Structurally ordered L1₀-PtM (M = Fe, Co, Ni and so on) intermetallic nanocrystals, benefiting from the chemically ordered structure and higher stability, are one of the best electrocatalysts used for fuel cells. However, their practical development is greatly plagued by the challenge that the high-temperature (>600 °C) annealing treatment necessary for realizing the ordered structure usually leads to severe particle sintering, morphology change and low ordering degree, which makes it very difficult for the gram-scale preparation of desirable PtM intermetallic nanocrystals with high Pt content for practical fuel cell applications. Here we report a new concept involving the low-melting-point-metal (M′ = Sn, Ga, In)-induced bond strength weakening strategy to reduce E_a and promote the ordering process of PtM (M = Ni, Co, Fe, Cu and Zn) alloy catalysts for a higher ordering degree. We demonstrate that the introduction of M′ can reduce the ordering temperature to extremely low temperatures (≤450 °C) and thus enable the preparation of high-Pt-content (≥40 wt%) L1₀-Pt-M-M′ intermetallic nanocrystals as well as ten-gram-scale production. X-ray spectroscopy studies, in situ electron microscopy and theoretical calculations reveal the fundamental mechanism of the Sn-facilitated ordering process at low temperatures, which involves weakened bond strength and consequently reduced E_a via Sn doping, the formation and fast diffusion of low-coordinated surface free atoms, and subsequent L1₀ nucleation. The developed L1₀-Ga-PtNi/C catalysts display outstanding performance in H₂–air fuel cells under both light- and heavy-duty vehicle conditions. Under the latter condition, the 40% L1₀-Pt₅₀Ni₃₅Ga₁₅/C catalyst delivers a high current density of 1.67 A cm⁻² at 0.7 V and retains 80% of the current density after extended 90,000 cycles, which exceeds the United States Department of Energy performance metrics and represents among the best cathodic electrocatalysts for practical proton-exchange membrane fuel cells.
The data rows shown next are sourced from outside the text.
definition graph :: "'a set \<Rightarrow> ('a \<Rightarrow> 'a \<Rightarrow> bool) \<Rightarrow> bool" where
  "graph V E \<longleftrightarrow> (\<forall>u v. E u v \<longrightarrow> u \<in> V \<and> v \<in> V \<and> u \<noteq> v \<and> E v u)"

definition connected_set :: "('a \<Rightarrow> 'a \<Rightarrow> bool) \<Rightarrow> 'a set \<Rightarrow> bool" where
  "connected_set E X \<longleftrightarrow> X \<noteq> {} \<and>
     (\<forall>x\<in>X. \<forall>y\<in>X. (\<lambda>u v. u \<in> X \<and> v \<in> X \<and> E u v)\<^sup>*\<^sup>* x y)"

definition minor_model ::
  "'a set \<Rightarrow> ('a \<Rightarrow> 'a \<Rightarrow> bool) \<Rightarrow> 'b set \<Rightarrow> ('b \<Rightarrow> 'b \<Rightarrow> bool) \<Rightarrow> ('b \<Rightarrow> 'a set) \<Rightarrow> bool" where
  "minor_model V E HV HE \<beta> \<longleftrightarrow> graph HV HE \<and>
     (\<forall>h\<in>HV. \<beta> h \<subseteq> V \<and> connected_set E (\<beta> h)) \<and>
     (\<forall>h\<in>HV. \<forall>h'\<in>HV. h \<noteq> h' \<longrightarrow> \<beta> h \<inter> \<beta> h' = {}) \<and>
     (\<forall>h h'. HE h h' \<longrightarrow> (\<exists>x\<in>\<beta> h. \<exists>y\<in>\<beta> h'. E x y))"

definition barricade :: "'b set \<Rightarrow> ('b \<Rightarrow> 'b \<Rightarrow> bool) \<Rightarrow> 'b set \<Rightarrow> 'b set \<Rightarrow> bool" where
  "barricade HV HE A B \<longleftrightarrow> graph HV HE \<and>
     A \<union> B = HV \<and> A \<inter> B = {} \<and>
     (\<forall>u v. HE u v \<longrightarrow> (u \<in> A \<and> v \<in> B) \<or> (u \<in> B \<and> v \<in> A)) \<and>
     (card_of A, card_of B) \<in> ordLess \<and>
     (\<forall>b\<in>B. infinite {a\<in>A. HE b a})"

end

theory Submission
  imports Defs
begin

(*
  Choose, by Zorn's lemma, a maximal matching M between A and B among the edges of the
  barricade H. Contract every matched edge ab into the single branch set beta a \<union> beta b,
  and keep beta b for every unmatched b \<in> B. Every new branch set contains beta b for
  some b \<in> B, so the new minor is U-rooted, and its branch sets are still countable.
  The contracted pairs number at most |M| \<le> |A|; since A is infinite and |A| < |B|,
  removing the at most |A| matched vertices from B leaves more than |A| unmatched ones.
  By maximality every A-neighbour of an unmatched b is matched, and distinct neighbours
  lie in distinct contracted pairs, so b still has infinitely many neighbours.
*)

unbundle cardinal_syntax

lemma connected_set_Un:
  assumes "connected_set E X" "connected_set E Y" "x \<in> X" "y \<in> Y" "E x y" "E y x"
  shows "connected_set E (X \<union> Y)"
proof -
  let ?R = "\<lambda>S u v. u \<in> S \<and> v \<in> S \<and> E u v"
  have widen: "(?R (X \<union> Y))\<^sup>*\<^sup>* u v" if "(?R S)\<^sup>*\<^sup>* u v" "S \<subseteq> X \<union> Y" for S u v
    using mono_rtranclp[of "?R S" "?R (X \<union> Y)"] that by blast
  have in_X: "(?R (X \<union> Y))\<^sup>*\<^sup>* u v" if "u \<in> X" "v \<in> X" for u v
    using assms(1) that by (intro widen[of X]) (auto simp: connected_set_def)
  have in_Y: "(?R (X \<union> Y))\<^sup>*\<^sup>* u v" if "u \<in> Y" "v \<in> Y" for u v
    using assms(2) that by (intro widen[of Y]) (auto simp: connected_set_def)
  have across: "(?R (X \<union> Y))\<^sup>*\<^sup>* x y" "(?R (X \<union> Y))\<^sup>*\<^sup>* y x"
    using assms(3-6) by (simp_all add: r_into_rtranclp)
  have "(?R (X \<union> Y))\<^sup>*\<^sup>* u v" if "u \<in> X \<union> Y" "v \<in> X \<union> Y" for u v
    using that
  proof (elim UnE)
    assume "u \<in> X" "v \<in> Y"
    with in_X[OF _ assms(3)] across(1) in_Y[OF assms(4)] show ?thesis
      by (meson rtranclp_trans)
  next
    assume "u \<in> Y" "v \<in> X"
    with in_Y[OF _ assms(4)] across(2) in_X[OF assms(3)] show ?thesis
      by (meson rtranclp_trans)
  qed (use in_X in_Y in blast)+
  with assms(3) show ?thesis
    unfolding connected_set_def by blast
qed

definition matching :: "('a \<times> 'b) set \<Rightarrow> bool" where
  "matching M \<longleftrightarrow> inj_on fst M \<and> inj_on snd M"

lemma maximal_matching_exists:
  "\<exists>M \<subseteq> R. matching M \<and> (\<forall>(a, b) \<in> R. a \<in> fst ` M \<or> b \<in> snd ` M)"
proof -
  let ?F = "{M. M \<subseteq> R \<and> matching M}"
  have "\<Union>C \<in> ?F" if "C \<in> chains ?F" for C
  proof -
    from that have C: "\<forall>M\<in>C. M \<subseteq> R \<and> matching M"
      and chain: "\<And>M N. M \<in> C \<Longrightarrow> N \<in> C \<Longrightarrow> M \<subseteq> N \<or> N \<subseteq> M"
      unfolding chains_def chain_subset_def by auto
    have inj: "inj_on f (\<Union>C)" if "\<forall>M\<in>C. inj_on f M" for f :: "_ \<Rightarrow> 'c"
      using inj_on_UNION_chain[of C id f] chain that by simp
    have "inj_on fst (\<Union>C)" "inj_on snd (\<Union>C)"
      using C by (auto simp: matching_def intro!: inj)
    with C show ?thesis
      unfolding matching_def by blast
  qed
  then obtain M where M: "M \<subseteq> R" "matching M" and max: "\<forall>N\<in>?F. M \<subseteq> N \<longrightarrow> N = M"
    using Zorn_Lemma[of ?F] by blast
  have maximal: "a \<in> fst ` M \<or> b \<in> snd ` M" if "(a, b) \<in> R" for a b
  proof (rule ccontr)
    assume unmatched: "\<not> (a \<in> fst ` M \<or> b \<in> snd ` M)"
    then have "insert (a, b) M \<in> ?F"
      using M that unfolding matching_def by (auto simp: image_iff)
    with max have "(a, b) \<in> M" by blast
    with unmatched show False by force
  qed
  then have "\<forall>(a, b) \<in> R. a \<in> fst ` M \<or> b \<in> snd ` M"
    by auto
  with M show ?thesis
    by (intro exI[of _ M] conjI)
qed

lemma card_of_ordLess_Diff:
  assumes "infinite A" "|A| <o |B|" "|S| \<le>o |A|"
  shows "|A| <o |B - S|"
proof -
  have "\<not> |B - S| \<le>o |A|"
  proof
    assume "|B - S| \<le>o |A|"
    with assms(1,3) have "|(B - S) \<union> S| \<le>o |A|"
      by (intro card_of_Un_ordLeq_infinite_Field) (simp_all add: Field_card_of card_of_card_order_on)
    moreover have "|B| \<le>o |(B - S) \<union> S|"
      by (rule card_of_mono1) blast
    ultimately have "|B| \<le>o |A|"
      by (rule ordLeq_transitive[rotated])
    with assms(2) show False
      by (simp add: not_ordLess_ordLeq)
  qed
  then show ?thesis
    using not_ordLeq_iff_ordLess[OF card_of_Well_order card_of_Well_order] by blast
qed

locale graph_minor =
  fixes V :: "'a set" and E :: "'a \<Rightarrow> 'a \<Rightarrow> bool"
    and HV :: "'b set" and HE :: "'b \<Rightarrow> 'b \<Rightarrow> bool" and \<beta> :: "'b \<Rightarrow> 'a set"
  assumes graph: "graph V E"
    and model: "minor_model V E HV HE \<beta>"
begin

lemma E_sym: "E x y \<Longrightarrow> E y x"
  using graph by (simp add: graph_def)

lemma HE_sym: "HE h h' \<Longrightarrow> HE h' h"
  using model by (simp add: minor_model_def graph_def)

lemma branch_set: "h \<in> HV \<Longrightarrow> \<beta> h \<subseteq> V \<and> connected_set E (\<beta> h)"
  using model by (simp add: minor_model_def)

lemma branch_set_nonempty: "h \<in> HV \<Longrightarrow> \<beta> h \<noteq> {}"
  using branch_set by (simp add: connected_set_def)

lemma branch_sets_disjoint: "h \<in> HV \<Longrightarrow> h' \<in> HV \<Longrightarrow> h \<noteq> h' \<Longrightarrow> \<beta> h \<inter> \<beta> h' = {}"
  using model by (simp add: minor_model_def)

lemma branch_sets_adjacent: "HE h h' \<Longrightarrow> \<exists>x\<in>\<beta> h. \<exists>y\<in>\<beta> h'. E x y"
  using model by (simp add: minor_model_def)

definition branch_union :: "'b set \<Rightarrow> 'a set" where
  "branch_union S = \<Union>(\<beta> ` S)"

lemma branch_set_subset_branch_union_iff:
  assumes "h \<in> HV" "S \<subseteq> HV"
  shows "\<beta> h \<subseteq> branch_union S \<longleftrightarrow> h \<in> S"
proof
  assume "\<beta> h \<subseteq> branch_union S"
  moreover obtain x where "x \<in> \<beta> h" using branch_set_nonempty[OF assms(1)] by blast
  ultimately obtain h' where "h' \<in> S" "x \<in> \<beta> h'" unfolding branch_union_def by blast
  show "h \<in> S"
  proof (rule ccontr)
    assume "h \<notin> S"
    with \<open>h' \<in> S\<close> assms(2) have "h' \<in> HV" "h \<noteq> h'" by auto
    with assms(1) have "\<beta> h \<inter> \<beta> h' = {}" by (rule branch_sets_disjoint)
    with \<open>x \<in> \<beta> h\<close> \<open>x \<in> \<beta> h'\<close> show False by blast
  qed
qed (auto simp: branch_union_def)

lemma branch_union_subset: "S \<subseteq> HV \<Longrightarrow> branch_union S \<subseteq> V"
  using branch_set by (auto simp: branch_union_def)

lemma branch_union_mono_iff:
  assumes "S \<subseteq> HV" "T \<subseteq> HV"
  shows "branch_union S \<subseteq> branch_union T \<longleftrightarrow> S \<subseteq> T"
proof
  assume union_le: "branch_union S \<subseteq> branch_union T"
  show "S \<subseteq> T"
  proof
    fix h assume "h \<in> S"
    then have "h \<in> HV" "\<beta> h \<subseteq> branch_union S"
      using assms(1) by (auto simp: branch_union_def)
    with union_le assms(2) show "h \<in> T"
      using branch_set_subset_branch_union_iff[of h T] by blast
  qed
qed (auto simp: branch_union_def)

lemma inj_on_branch_union: "inj_on branch_union (Pow HV)"
  by (rule inj_onI) (metis PowD branch_union_mono_iff order_refl subset_antisym)

lemma branch_unions_disjoint:
  assumes "S \<subseteq> HV" "T \<subseteq> HV" "S \<inter> T = {}"
  shows "branch_union S \<inter> branch_union T = {}"
proof (rule equals0I)
  fix x assume "x \<in> branch_union S \<inter> branch_union T"
  then obtain h h' where "h \<in> S" "h' \<in> T" "x \<in> \<beta> h" "x \<in> \<beta> h'"
    unfolding branch_union_def by blast
  moreover from \<open>h \<in> S\<close> \<open>h' \<in> T\<close> assms have "h \<in> HV" "h' \<in> HV" "h \<noteq> h'"
    by auto
  ultimately show False
    using branch_sets_disjoint by blast
qed

end

locale barricade_minor = graph_minor +
  fixes A B :: "'b set"
  assumes barricade: "barricade HV HE A B"
begin

lemma A_B_disjoint: "A \<inter> B = {}"
  and A_subset: "A \<subseteq> HV" and B_subset: "B \<subseteq> HV"
  and card_A_less_B: "|A| <o |B|"
  and infinite_neighbours: "b \<in> B \<Longrightarrow> infinite {a\<in>A. HE b a}"
  using barricade by (auto simp: barricade_def)

lemma infinite_A: "infinite A"
proof -
  have "B \<noteq> {}"
    using card_A_less_B card_of_empty not_ordLess_ordLeq by blast
  then obtain b where "b \<in> B" by blast
  with infinite_neighbours show ?thesis
    using finite_subset[of "{a\<in>A. HE b a}" A] by blast
qed

definition cross_edges :: "('b \<times> 'b) set" where
  "cross_edges = {(a, b). a \<in> A \<and> b \<in> B \<and> HE a b}"

end

locale barricade_minor_matching = barricade_minor +
  fixes M :: "('b \<times> 'b) set"
  assumes matching: "matching M"
    and matching_edges: "M \<subseteq> cross_edges"
    and matching_maximal: "\<forall>(a, b) \<in> cross_edges. a \<in> fst ` M \<or> b \<in> snd ` M"
begin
结构有序的L1 ₀ -PtM（M=Fe、Co、Ni等）金属间纳米晶，得益于其化学有序结构和较高的稳定性，是用于燃料电池的最佳电催化剂之一。然而，实现有序结构所需的高温（>600℃）退火处理通常会导致严重的颗粒烧结、形貌变化和低有序度，这使得它们的实际开发受到极大的困扰，这使得其实现非常困难。克级制备具有高 Pt 含量的理想 PtM 金属间纳米晶体，用于实际燃料电池应用。在这里，我们报告了一个新概念，涉及低熔点金属（M′ = Sn，Ga，In）诱导的键强度弱化策略，以降低E _a并促进 PtM（M = Ni，Co，Fe）的有序过程、Cu和Zn)合金催化剂具有较高的有序度。我们证明M′的引入可以将有序温度降低到极低的温度（≤450℃），从而能够制备高Pt含量（≥40wt％）L1 ₀ -Pt-MM′金属间纳米晶：以及十克规模的生产。 X射线光谱研究、原位电子显微镜和理论计算揭示了低温下Sn促进有序化过程的基本机制，其中包括通过Sn掺杂削弱键强度并因此降低E _a 、低原子团的形成和快速扩散。配位表面自由原子，以及随后的L1 ₀成核。所开发的L1 ₀ -Ga-PtNi/C催化剂在H ₂空气燃料电池中在轻型和重型车辆条件下均表现出出色的性能。 在后一种条件下，40％L1 ₀ -Pt ₅₀ Ni ₃₅ Ga ₁₅ /C催化剂在0.7 V下提供1.67 A cm ^-2的高电流密度，并在延长90,000次循环后保留80％的电流密度，这超过了美国能源部的性能指标，代表了实用质子交换膜燃料电池的最佳阴极电催化剂。